* **TASK DESCRIPTION**:
Of the entries below, return exactly those lines that fall between the one containing "D \<Longrightarrow> basis" and the one containing "D \<Longrightarrow> D'", the two end lines included.

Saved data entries

definition basis :: "'a matroid \<Rightarrow> 'a set \<Rightarrow> bool" where
  "basis M B \<longleftrightarrow> indep M B \<and> (\<forall>I. indep M I \<and> B \<subseteq> I \<longrightarrow> I = B)"

definition cocircuit :: "'a matroid \<Rightarrow> 'a set \<Rightarrow> bool" where
  "cocircuit M D \<longleftrightarrow> D \<subseteq> ground M \<and> (\<forall>B. basis M B \<longrightarrow> D \<inter> B \<noteq> {})
     \<and> (\<forall>D'. D' \<subset> D \<longrightarrow> (\<exists>B. basis M B \<and> D' \<inter> B = {}))"

definition del :: "'a matroid \<Rightarrow> 'a \<Rightarrow> 'a matroid" where
  "del M e = (ground M - {e}, {C \<in> circuits M. e \<notin> C})"

definition contr :: "'a matroid \<Rightarrow> 'a \<Rightarrow> 'a matroid" where
  "contr M f = (ground M - {f},
     {X. X \<noteq> {} \<and> (\<exists>C\<in>circuits M. X = C - {f})
        \<and> (\<forall>C\<in>circuits M. C - {f} \<noteq> {} \<and> C - {f} \<subseteq> X \<longrightarrow> C - {f} = X)})"

inductive series_minor :: "'a matroid \<Rightarrow> 'a matroid \<Rightarrow> bool" where
  refl: "series_minor M M"
| delete: "series_minor M N \<Longrightarrow> e \<in> ground N \<Longrightarrow> series_minor M (del N e)"
| series_contract: "series_minor M N \<Longrightarrow> cocircuit N {f, g} \<Longrightarrow> series_minor M (contr N f)"

definition sym_strong_elim :: "'a matroid \<Rightarrow> bool" where
  "sym_strong_elim M \<longleftrightarrow>
     (\<forall>C1\<in>circuits M. \<forall>C2\<in>circuits M. \<forall>e1 e2 e.
        e1 \<in> C1 - C2 \<and> e2 \<in> C2 - C1 \<and> e \<in> C1 \<inter> C2 \<longrightarrow>
        (\<exists>C3\<in>circuits M. {e1, e2} \<subseteq> C3 \<and> C3 \<subseteq> (C1 \<union> C2) - {e}))"

end

theory Submission
  imports Defs
begin

text \<open>Deleting an element keeps exactly the circuits avoiding it, so the symmetric strong
  elimination property passes to deletions. If \<open>{f, g}\<close> is a cocircuit, orthogonality of
  circuits and cocircuits (a circuit never meets a cocircuit in a single element) shows that
  a circuit contains \<open>f\<close> only together with \<open>g \<noteq> f\<close>. Hence \<open>C \<mapsto> C - {f}\<close> is an
  order isomorphism from the circuits of \<open>M\<close> onto those of \<open>M / f\<close>, and every elimination
  in \<open>M\<close> descends to \<open>M / f\<close>. Orthogonality itself rests on strong circuit elimination,
  which is derived from the weak elimination axiom.\<close>

lemma matroid_finite_ground: "matroid M \<Longrightarrow> finite (ground M)"
  unfolding matroid_def by (elim conjE)

lemma matroid_circuit_subset_ground: "matroid M \<Longrightarrow> C \<in> circuits M \<Longrightarrow> C \<subseteq> ground M"
  unfolding matroid_def by (elim conjE) blast

lemma matroid_empty_not_circuit: "matroid M \<Longrightarrow> {} \<notin> circuits M"
  unfolding matroid_def by (elim conjE)

lemma matroid_circuit_subset_eq:
  "matroid M \<Longrightarrow> C1 \<in> circuits M \<Longrightarrow> C2 \<in> circuits M \<Longrightarrow> C1 \<subseteq> C2 \<Longrightarrow> C1 = C2"
  unfolding matroid_def by (elim conjE) metis

lemma matroid_circuit_elim:
  "matroid M \<Longrightarrow> C1 \<in> circuits M \<Longrightarrow> C2 \<in> circuits M \<Longrightarrow> C1 \<noteq> C2 \<Longrightarrow> e \<in> C1 \<inter> C2
    \<Longrightarrow> \<exists>C3\<in>circuits M. C3 \<subseteq> (C1 \<union> C2) - {e}"
  unfolding matroid_def by (elim conjE) metis

lemma matroidI:
  assumes "finite (ground M)" "\<And>C. C \<in> circuits M \<Longrightarrow> C \<subseteq> ground M" "{} \<notin> circuits M"
    "\<And>C1 C2. C1 \<in> circuits M \<Longrightarrow> C2 \<in> circuits M \<Longrightarrow> C1 \<subseteq> C2 \<Longrightarrow> C1 = C2"
    "\<And>C1 C2 e. C1 \<in> circuits M \<Longrightarrow> C2 \<in> circuits M \<Longrightarrow> C1 \<noteq> C2 \<Longrightarrow> e \<in> C1 \<inter> C2
      \<Longrightarrow> \<exists>C3\<in>circuits M. C3 \<subseteq> (C1 \<union> C2) - {e}"
  shows "matroid M"
  unfolding matroid_def
proof (intro conjI ballI allI impI)
  fix C1 C2 e assume "C1 \<in> circuits M" "C2 \<in> circuits M" "C1 \<noteq> C2 \<and> e \<in> C1 \<inter> C2"
  then show "\<exists>C3\<in>circuits M. C3 \<subseteq> (C1 \<union> C2) - {e}" using assms(5) by simp
qed (use assms(1-4) in auto)

lemma sym_strong_elimD:
  assumes "sym_strong_elim M" "C1 \<in> circuits M" "C2 \<in> circuits M"
    "e1 \<in> C1 - C2" "e2 \<in> C2 - C1" "e \<in> C1 \<inter> C2"
  shows "\<exists>C3\<in>circuits M. {e1, e2} \<subseteq> C3 \<and> C3 \<subseteq> (C1 \<union> C2) - {e}"
  using assms unfolding sym_strong_elim_def by simp

lemma indep_subset_ground: "indep M I \<Longrightarrow> I \<subseteq> ground M"
  unfolding indep_def by (elim conjE)

lemma indep_subset: "indep M I \<Longrightarrow> J \<subseteq> I \<Longrightarrow> indep M J"
  unfolding indep_def by blast

lemma basis_indep: "basis M B \<Longrightarrow> indep M B"
  unfolding basis_def by (elim conjE)

lemma basis_insert_dependent: "basis M B \<Longrightarrow> z \<notin> B \<Longrightarrow> \<not> indep M (insert z B)"
  unfolding basis_def by blast

lemma cocircuit_inter_basis: "cocircuit M D \<Longrightarrow> basis M B \<Longrightarrow> D \<inter> B \<noteq> {}"
  unfolding cocircuit_def by (elim conjE) blast

lemma cocircuit_psubset_avoids_basis:
  "cocircuit M D \<Longrightarrow> D' \<subset> D \<Longrightarrow> \<exists>B. basis M B \<and> D' \<inter> B = {}"
  unfolding cocircuit_def by (elim conjE) blast

text \<open>Induction on \<open>|C1 \<union> C2|\<close>: if weak elimination drops \<open>f\<close>, the new circuit \<open>C3\<close> meets
  \<open>C2 - C1\<close> in some \<open>g\<close>; strong elimination of \<open>g\<close> from \<open>C2, C3\<close>, and then of \<open>e\<close> from
  \<open>C1\<close> and the resulting circuit, takes place in strictly smaller unions.\<close>

lemma matroid_strong_circuit_elim:
  assumes M: "matroid M"
  shows "C1 \<in> circuits M \<Longrightarrow> C2 \<in> circuits M \<Longrightarrow> e \<in> C1 \<inter> C2 \<Longrightarrow> f \<in> C1 - C2
    \<Longrightarrow> \<exists>C3\<in>circuits M. f \<in> C3 \<and> C3 \<subseteq> (C1 \<union> C2) - {e}"
proof (induction "card (C1 \<union> C2)" arbitrary: C1 C2 e f rule: less_induct)
  case less
  note C1 = less.prems(1) and C2 = less.prems(2)
  have fin: "finite (C1 \<union> C2)"
    using M C1 C2 matroid_finite_ground matroid_circuit_subset_ground
    by (metis finite_Un finite_subset)
  obtain C3 where C3: "C3 \<in> circuits M" "C3 \<subseteq> (C1 \<union> C2) - {e}"
    using matroid_circuit_elim[OF M C1 C2] less.prems(3,4) by blast
  show ?case
  proof (cases "f \<in> C3")
    case True
    then show ?thesis using C3 by blast
  next
    case False
    have "\<not> C3 \<subseteq> C1"
      using matroid_circuit_subset_eq[OF M C3(1) C1] C3(2) less.prems(3) by blast
    then obtain g where g: "g \<in> C3" "g \<in> C2 - C1" using C3(2) by blast
    have "card (C2 \<union> C3) < card (C1 \<union> C2)"
      using fin C3(2) False less.prems(4) by (intro psubset_card_mono) auto
    then obtain C4 where C4: "C4 \<in> circuits M" "e \<in> C4" "C4 \<subseteq> (C2 \<union> C3) - {g}"
      using less.hyps[OF _ C2 C3(1), of g e] g less.prems(3) C3(2) by blast
    have "card (C1 \<union> C4) < card (C1 \<union> C2)"
      using fin C3(2) C4(3) g by (intro psubset_card_mono) auto
    then obtain C5 where C5: "C5 \<in> circuits M" "f \<in> C5" "C5 \<subseteq> (C1 \<union> C4) - {e}"
      using less.hyps[OF _ C1 C4(1), of e f] C4 C3(2) g False less.prems(3,4) by blast
    show ?thesis using C5 C4(3) C3(2) by blast
  qed
qed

* **WORKED SOLUTION**:
lemma cocircuit_inter_basis: "cocircuit M D \<Longrightarrow> basis M B \<Longrightarrow> D \<inter> B \<noteq> {}"
  unfolding cocircuit_def by (elim conjE) blast

lemma cocircuit_psubset_avoids_basis:
  "cocircuit M D \<Longrightarrow> D' \<subset> D \<Longrightarrow> \<exists>B. basis M B \<and> D' \<inter> B = {}"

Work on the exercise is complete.